* **Required action**
Please filter the entries and return only the lines that include "finally".

* **Dataset excerpts**

lemma iso_Ky_mult:
  assumes "q \<in> carrier (alt_group 4)" "q' \<in> carrier (alt_group 4)"
  shows "iso_Ky (q \<circ> q') = iso_Ky q \<otimes> iso_Ky q'"
proof -
  have c: "iso_Kx q \<in> carrier G" "iso_Kx q' \<in> carrier G" using iso_Kx_carrier assms by auto
  have "iso_Ky q \<otimes> iso_Ky q' = swap \<otimes> iso_Kx q \<otimes> (swap \<otimes> swap) \<otimes> iso_Kx q' \<otimes> swap"
    using c swap_carrier by (simp add: iso_Ky_def m_assoc)
  then show ?thesis using swap(3) c swap_carrier iso_Kx_mult[OF assms] by (simp add: iso_Ky_def m_assoc)
qed

lemma swap_iso_Kx: "q \<in> carrier (alt_group 4) \<Longrightarrow> swap \<otimes> iso_Kx q = iso_Ky q \<otimes> swap"
  using swap(3) swap_carrier iso_Kx_carrier by (simp add: iso_Ky_def m_assoc)

lemma swap_iso_Ky: "q \<in> carrier (alt_group 4) \<Longrightarrow> swap \<otimes> iso_Ky q = iso_Kx q \<otimes> swap"
  using swap(3) swap_carrier iso_Kx_carrier by (simp add: iso_Ky_def m_assoc[symmetric])

lemma swap_conj_iso_Ky:
  assumes "q \<in> carrier (alt_group 4)"
  shows "swap \<otimes> iso_Ky q \<otimes> swap = iso_Kx q"
proof -
  have "swap \<otimes> iso_Ky q \<otimes> swap = (swap \<otimes> swap) \<otimes> iso_Kx q \<otimes> (swap \<otimes> swap)"
    using swap_carrier iso_Kx_carrier[OF assms] by (simp add: iso_Ky_def m_assoc)
  then show ?thesis using swap(3) iso_Kx_carrier[OF assms] by simp
qed

definition wreath_map where
  "wreath_map = (\<lambda>(x, y, \<sigma>). iso_Kx x \<otimes> iso_Ky y \<otimes> (if \<sigma> then swap else \<one>))"

lemma wreath_C2_alt4_mult:
  "(x, y, \<sigma>) \<otimes>\<^bsub>wreath_C2 (alt_group 4)\<^esub> (x', y', \<sigma>') =
     (if \<sigma> then (x \<circ> y', y \<circ> x', \<sigma> \<noteq> \<sigma>') else (x \<circ> x', y \<circ> y', \<sigma> \<noteq> \<sigma>'))"
  by (simp add: wreath_C2_def wreath_mult_def alt_group_mult)

lemma wreath_map_mult:
  assumes A4: "x \<in> carrier (alt_group 4)" "y \<in> carrier (alt_group 4)"
    "x' \<in> carrier (alt_group 4)" "y' \<in> carrier (alt_group 4)"
  shows "wreath_map (x, y, \<sigma>) \<otimes> wreath_map (x', y', \<sigma>') =
    wreath_map ((x, y, \<sigma>) \<otimes>\<^bsub>wreath_C2 (alt_group 4)\<^esub> (x', y', \<sigma>'))"
proof -
  have c: "iso_Kx x \<in> carrier G" "iso_Kx x' \<in> carrier G" "iso_Ky y \<in> carrier G" "iso_Ky y' \<in> carrier G"
    "iso_Kx y' \<in> carrier G" "iso_Ky x' \<in> carrier G"
    using iso_Kx_carrier iso_Ky_carrier A4 by auto
  have sigc: "(if \<sigma>' then swap else \<one>) \<in> carrier G" using swap_carrier by auto
  have comm: "iso_Kx p \<otimes> m = m \<otimes> iso_Kx p" if "p \<in> carrier (alt_group 4)" "m \<in> Ky" for p m
    using Kx_Ky_commute iso_Kx_in_Kx that by auto
  show ?thesis
  proof (cases \<sigma>)
    case False
    have "wreath_map (x, y, \<sigma>) \<otimes> wreath_map (x', y', \<sigma>')
        = iso_Kx x \<otimes> (iso_Ky y \<otimes> iso_Kx x') \<otimes> iso_Ky y' \<otimes> (if \<sigma>' then swap else \<one>)"
      using False c sigc by (simp add: wreath_map_def m_assoc)
    also have "\<dots> = iso_Kx x \<otimes> (iso_Kx x' \<otimes> iso_Ky y) \<otimes> iso_Ky y' \<otimes> (if \<sigma>' then swap else \<one>)"
      using comm[OF A4(3) iso_Ky_in_Ky[OF A4(2)]] by simp
    also have "\<dots> = iso_Kx (x \<circ> x') \<otimes> iso_Ky (y \<circ> y') \<otimes> (if \<sigma>' then swap else \<one>)"
      using iso_Kx_mult iso_Ky_mult A4 c by (simp add: m_assoc)
    finally show ?thesis using False by (simp add: wreath_map_def wreath_C2_alt4_mult)
  next
    case True
    have "wreath_map (x, y, \<sigma>) \<otimes> wreath_map (x', y', \<sigma>')
        = iso_Kx x \<otimes> iso_Ky y \<otimes> (swap \<otimes> iso_Kx x') \<otimes> iso_Ky y' \<otimes> (if \<sigma>' then swap else \<one>)"
      using True c sigc swap_carrier by (simp add: wreath_map_def m_assoc)
    also have "\<dots> = iso_Kx x \<otimes> iso_Ky y \<otimes> iso_Ky x' \<otimes> (swap \<otimes> iso_Ky y') \<otimes> (if \<sigma>' then swap else \<one>)"
      using swap_iso_Kx A4 c swap_carrier by (simp add: m_assoc)
    also have "\<dots> = iso_Kx x \<otimes> (iso_Ky y \<otimes> iso_Ky x' \<otimes> iso_Kx y') \<otimes> (swap \<otimes> (if \<sigma>' then swap else \<one>))"
      using swap_iso_Ky A4 c swap_carrier sigc by (simp add: m_assoc)
    also have "iso_Ky y \<otimes> iso_Ky x' \<otimes> iso_Kx y' = iso_Kx y' \<otimes> (iso_Ky y \<otimes> iso_Ky x')"
      using comm[OF A4(4)] subgroup.m_closed[OF subgroup_Ky iso_Ky_in_Ky[OF A4(2)] iso_Ky_in_Ky[OF A4(3)]]
      by simp
    also have "swap \<otimes> (if \<sigma>' then swap else \<one>) = (if \<not> \<sigma>' then swap else \<one>)"
      using swap(3) swap_carrier by auto
    also have "iso_Kx x \<otimes> (iso_Kx y' \<otimes> (iso_Ky y \<otimes> iso_Ky x')) \<otimes> (if \<not> \<sigma>' then swap else \<one>)
        = iso_Kx (x \<circ> y') \<otimes> iso_Ky (y \<circ> x') \<otimes> (if \<not> \<sigma>' then swap else \<one>)"
      using iso_Kx_mult iso_Ky_mult A4 c by (simp add: m_assoc)
    finally show ?thesis using True by (simp add: wreath_map_def wreath_C2_alt4_mult)
  qed
qed

lemma wreath_map_hom: "wreath_map \<in> hom (wreath_C2 (alt_group 4)) (G\<lparr>carrier := Ge\<rparr>)"
proof (rule homI)
  fix w assume "w \<in> carrier (wreath_C2 (alt_group 4))"
  then obtain x y \<sigma> where w: "w = (x, y, \<sigma>)" "x \<in> carrier (alt_group 4)" "y \<in> carrier (alt_group 4)"
    by (auto simp: wreath_C2_def)
  have "iso_Kx x \<in> Ge" "iso_Ky y \<in> Ge" "(if \<sigma> then swap else \<one>) \<in> Ge"
    using iso_Kx_in_Kx iso_Ky_in_Ky w Kx_subset_Gxy Ky_subset_Gxy swap(1) subgroup.one_closed[OF subgroup_Ge]
    by auto
  then show "wreath_map w \<in> carrier (G\<lparr>carrier := Ge\<rparr>)"
    using w subgroup.m_closed[OF subgroup_Ge] by (simp add: wreath_map_def)
next
  fix w w' assume "w \<in> carrier (wreath_C2 (alt_group 4))" "w' \<in> carrier (wreath_C2 (alt_group 4))"
  then show "wreath_map (w \<otimes>\<^bsub>wreath_C2 (alt_group 4)\<^esub> w') = wreath_map w \<otimes>\<^bsub>G\<lparr>carrier := Ge\<rparr>\<^esub> wreath_map w'"
    using wreath_map_mult by (auto simp: wreath_C2_def)
qed

lemma inj_on_wreath_map: "inj_on wreath_map (carrier (wreath_C2 (alt_group 4)))"
proof (rule inj_onI)
  fix w w' assume "w \<in> carrier (wreath_C2 (alt_group 4))" "w' \<in> carrier (wreath_C2 (alt_group 4))"
    and eq: "wreath_map w = wreath_map w'"
  then obtain x y \<sigma> x' y' \<sigma>' where w: "w = (x, y, \<sigma>)" "w' = (x', y', \<sigma>')"
    and A4: "x \<in> carrier (alt_group 4)" "y \<in> carrier (alt_group 4)"
      "x' \<in> carrier (alt_group 4)" "y' \<in> carrier (alt_group 4)"
    by (auto simp: wreath_C2_def)
  have c: "iso_Kx x \<in> carrier G" "iso_Kx x' \<in> carrier G" "iso_Ky y \<in> carrier G" "iso_Ky y' \<in> carrier G"
    using iso_Kx_carrier iso_Ky_carrier A4 by auto
  have in_Gxy: "iso_Kx x \<otimes> iso_Ky y \<in> Gxy" "iso_Kx x' \<otimes> iso_Ky y' \<in> Gxy"
    using subgroup.m_closed[OF subgroup_Gxy] iso_Kx_in_Kx iso_Ky_in_Ky A4 Kx_subset_Gxy Ky_subset_Gxy
    by (metis subsetD)+
  have eq': "iso_Kx x \<otimes> iso_Ky y \<otimes> (if \<sigma> then swap else \<one>) = iso_Kx x' \<otimes> iso_Ky y' \<otimes> (if \<sigma>' then swap else \<one>)"
    using eq w by (simp add: wreath_map_def)
  have not_swap: False if uv: "u \<in> Gxy" "v \<in> Gxy" "u \<otimes> swap = v" for u v
  proof -
    have "inv u \<otimes> v \<in> Gxy"
      using subgroup.m_closed[OF subgroup_Gxy subgroup.m_inv_closed[OF subgroup_Gxy uv(1)] uv(2)] .
    moreover have "inv u \<otimes> v = swap" using uv Gxy_carrier swap_carrier by (auto simp: m_assoc[symmetric])
    ultimately show False using swap(2) by auto
  qed
  have "\<sigma> = \<sigma>'"
    using eq' not_swap[OF in_Gxy] not_swap[OF in_Gxy(2,1)] c by (cases \<sigma>; cases \<sigma>') auto
  then have "iso_Kx x \<otimes> iso_Ky y = iso_Kx x' \<otimes> iso_Ky y'"
    using eq' c swap_carrier by (cases \<sigma>) simp_all
  then have "iso_Kx x = iso_Kx x'" "iso_Ky y = iso_Ky y'"
    using Kx_Ky_unique iso_Kx_in_Kx iso_Ky_in_Ky A4 by blast+
  moreover have "iso_Kx y = iso_Kx y'"
    using \<open>iso_Ky y = iso_Ky y'\<close> swap_conj_iso_Ky A4 by metis
  ultimately show "w = w'"
    using inj_onD[OF inj_on_iso_Kx] A4 w \<open>\<sigma> = \<sigma>'\<close> by auto
qed

lemma Ge_iso: "G\<lparr>carrier := Ge\<rparr> \<cong> wreath_C2 (alt_group 4)"
proof -
  have "card (carrier (wreath_C2 (alt_group 4))) = 288"
    using card_alt_group4 by (simp add: wreath_C2_def card_cartesian_product)
  moreover have "card Ge = 288"
    using card_Ge card_Gxy_action action_Gxy card_alt_group4 card_Kx by simp
  moreover have "wreath_map ` carrier (wreath_C2 (alt_group 4)) \<subseteq> Ge"
    using wreath_map_hom by (auto simp: hom_def)
  ultimately have "wreath_map ` carrier (wreath_C2 (alt_group 4)) = Ge"
    using card_subset_eq[OF finite_Ge] card_image[OF inj_on_wreath_map] by metis
  then have "wreath_map \<in> iso (wreath_C2 (alt_group 4)) (G\<lparr>carrier := Ge\<rparr>)"
    using wreath_map_hom inj_on_wreath_map by (simp add: iso_def bij_betw_def)
  then show ?thesis
    using group.iso_sym[OF wreath_C2_group[OF alt_group_is_group]] is_isoI by blast
qed

end





theorem mainTheorem12:
  fixes G :: "('a, 'b) monoid_scheme" and Gx Ge :: "'a set"
  assumes "group G"
    and "subgroup Gx G" and "subgroup Ge G"
    and "finite Gx" and "finite Ge"
    and "sub_index G Gx (Gx \<inter> Ge) = 5"
    and "sub_index G Ge (Gx \<inter> Ge) = 2"
    and "primitive_amalgam G Gx Ge"
    and "Gxy1 G Gx Ge = {\<one>\<^bsub>G\<^esub>}"
    and "Gx1 G Gx Ge \<noteq> {\<one>\<^bsub>G\<^esub>}"
    and "G\<lparr>carrier := Gx\<rparr> Mod Gx1 G Gx Ge \<cong> alt_group 5"
  shows "G\<lparr>carrier := Gx\<rparr> \<cong> alt_group 5 \<times>\<times> alt_group 4 \<and>
         G\<lparr>carrier := Ge\<rparr> \<cong> wreath_C2 (alt_group 4)"
proof -
  interpret amalgam_5_2 G Gx Ge
    using assms(1-7,9,10) by (intro amalgam_5_2.intro amalgam_5_2_axioms.intro)
  obtain \<psi> where "amalgam_action G Gx Ge \<psi>" "\<psi> ` Gxy = carrier (alt_group 4)"
    using action_exists_A4[OF assms(11)] by blast
  then interpret amalgam_action_A4 G Gx Ge \<psi>
    by (intro amalgam_action_A4.intro amalgam_action_A4_axioms.intro)
  show ?thesis using Gx_iso Ge_iso by blast
qed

* **Exercise answer**
    finally show ?thesis using False by (simp add: wreath_map_def wreath_C2_alt4_mult)
    finally show ?thesis using True by (simp add: wreath_map_def wreath_C2_alt4_mult)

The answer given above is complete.